I should know better. In my own field a simple, literal reading of the law has led to a common and profound misunderstanding of a different topic: divorce trends. Many people associate the historical rise in divorce rates with the introduction of no-fault divorce laws, starting with California’s in 1970 and spreading across most of the country within a decade. That makes sense, because those laws were being debated while the divorce rate was obviously rising, and critics argued that the new laws would lead to more divorces. But the story that emerged—that changing laws changed families—rested on a false assumption about how divorce law worked already. In fact, in the century before 1970, the annual divorce rate had already increased more than ten-fold, from 3 for every 10,000 people to 3.5 for every 1,000, before peaking at 5.3 per 1,000. When historians dug into the records, they discovered that there hadn’t been a ten-fold increase in adultery, abandonment, or abuse—the “faults” that justified divorce. Rather, for decades couples had been conspiring with family lawyers to fabricate just the right amount of fault to persuade the courts to grant them what were essentially no-fault divorces. Like the Victorian law that commanded execution of men who committed homosexual acts, divorce law didn’t work.

The success of that kind of work in demography, especially historical demography, is instructive. You can’t learn all about American slavery from Narrative of the Life of Frederick Douglass, much less from Uncle Tom’s Cabin or Huckleberry Finn, any more than you can master contemporary feminism through a close reading of Beyoncé or The Vagina Monologues (or Naomi Wolf). You need to know something about the demography around slavery, and the trends in gender inequality.

The collaboration of literature and history, which helped give us social history, works when people recognize that to speak authoritatively about either subject you may have to understand both. That means English scholars reading history and social science in addition to literary works, while historians and social scientists become familiar with the relevant cultural works in their areas as well. Since no one can do all that alone, this openness requires collaboration, either personally or through shared understanding of the overlapping research. (Here I would recommend Michigan State English professor and digital humanities expert Kathleen Fitzpatrick’s recently released book, Generous Thinking, which deals with precisely this topic.)

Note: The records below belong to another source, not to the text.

(* Let $\Gamma$ be a rationally metrised graph and $u,v$ vertices of $\Gamma$. Let $\mathrm W_\bullet$ be the filtration of $\mathbb Q\pi_1(\Gamma;u,v)$ given by $\mathrm W_{-k}\mathbb Q\pi_1(\Gamma;u,v)=\mathbb Q\pi_1(\Gamma;u,v)\cdot J^k$, where $J$ is the augmentation ideal of the group algebra $\mathbb Q\pi_1(\Gamma,u)$. Then for every $n\ge0$ the higher cycle pairing induces a perfect pairing \[\int\colon\mathbb Q\pi_1(\Gamma;u,v)/\mathrm W_{-n-1}\otimes\textstyle\bigoplus_{m\le n}\mathrm H_1(\Gamma)^{\otimes m}\to\mathbb Q,\] and the resulting isomorphisms $\mathbb Q\pi_1(\Gamma;u,v)/\mathrm W_{-n-1}\xrightarrow{\sim}\bigoplus_{m\le n}\mathrm H^1(\Gamma)^{\otimes m}$ induce an isomorphism \[\widehat{\mathbb Q}\pi_1(\Gamma;u,v):=\varprojlim_n\mathbb Q\pi_1(\Gamma;u,v)/\mathrm W_{-n-1}\xrightarrow{\sim}\prod_{m\ge0}\mathrm H^1(\Gamma)^{\otimes m}.\]
   Context: A graph consists of finite sets of vertices $V$, oriented edges $E$ and half-edges $D$, a source map $s\colon E\sqcup D\to V$, and a fixed-point-free involution $e\mapsto e^{-1}$ on $E$, with $t(e):=s(e^{-1})$; graphs are nonempty and connected. A rationally metrised graph also has lengths $\ell\colon E\to\mathbb Q_{>0}$ with $\ell(e^{-1})=\ell(e)$. $\pi_1(\Gamma;u,v)$ is the set of homotopy classes of paths from $u$ to $v$, composition written right to left ($\gamma'\gamma$ means $\gamma$ then $\gamma'$), and $\mathbb Q\pi_1(\Gamma;u,v)$ the $\mathbb Q$-vector space on it. $\mathbb Q\cdot E^{\pm}$ is the $\mathbb Q$-span of edges modulo $e^{-1}=-e$, with pairing $\int_e e'=\pm\ell(e)$ if $e'=e^{\pm1}$ and $0$ otherwise; $\mathrm H_1(\Gamma)=\mathrm H_1(\Gamma,\mathbb Q)\subset\mathbb Q\cdot E^\pm$ with the restricted (cycle) pairing, $\mathrm H^1(\Gamma)=\mathrm{Hom}(\mathrm H_1(\Gamma),\mathbb Q)$. The higher cycle pairing $\int_\gamma\omega_1\cdots\omega_n$ for $\omega_i\in\mathrm H_1(\Gamma)$ is defined by: for the constant path, $1$ if $n=0$ and $0$ otherwise; for an edge, $\int_e\omega_1\cdots\omega_n=\frac1{n!}\prod_i\int_e\omega_i$; and $\int_{e\gamma}\omega_1\cdots\omega_n=\sum_{i=0}^n\int_e\omega_{i+1}\cdots\omega_n\cdot\int_\gamma\omega_1\cdots\omega_i$ when $s(e)=t(\gamma)$; extended bilinearly (it is well-defined on homotopy classes). $\bigoplus_{m\le n}\mathrm H_1(\Gamma)^{\otimes m}$ is the part of tensor length $\le n$ of the shuffle algebra; $\mathrm H^1(\Gamma)^{\otimes m}$ is dual to $\mathrm H_1(\Gamma)^{\otimes m}$. *)

theory Defs
  imports Complex_Main
begin

record ('v, 'e, 'd) graph =
  verts :: "'v set"
  edges :: "'e set"
  hedges :: "'d set"
  src :: "'e \<Rightarrow> 'v"
  hsrc :: "'d \<Rightarrow> 'v"
  einv :: "'e \<Rightarrow> 'e"
  len :: "'e \<Rightarrow> rat"

definition tgt :: "('v, 'e, 'd) graph \<Rightarrow> 'e \<Rightarrow> 'v" where
  "tgt G e = src G (einv G e)"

Journalism has moved into these spaces as well. Good journalists writing about the present create the first draft of history, but that doesn’t make them historians. When they write about the past they rely on historical expertise—they read the secondary literature, and base conclusions on the work of historians. Good journalists also read data such as survey results, Census tables, and medical studies. More and more, journalists who know how to find, handle, and present data don’t wait to read our studies first. When they don’t understand the context, the results can be awful; but when they’re good the outcome is excellent (also, they tend to be good writers). They either need their own expertise or they need to be in touch with the relevant experts, directly or indirectly.

I bring up journalists because that’s a sore spot for many academics, a case where experts resent would-be polymaths hopping out of their lanes, like Naomi Wolf writing history. Superficially dipping into a neighboring field is dangerous in part because the results almost always reinforce the writer’s preconceptions and lead to stories that, while perhaps popular and satisfying to read, are too good to be true. That happens no less when journalists misread statistics than when literary scholars abuse history. But this incident should not be another elitist occasion to celebrate the protection of our myriad turfs. Instead we should devote ourselves to better lane-hopping, by recognizing our limits but also finding the partners we need to breach them.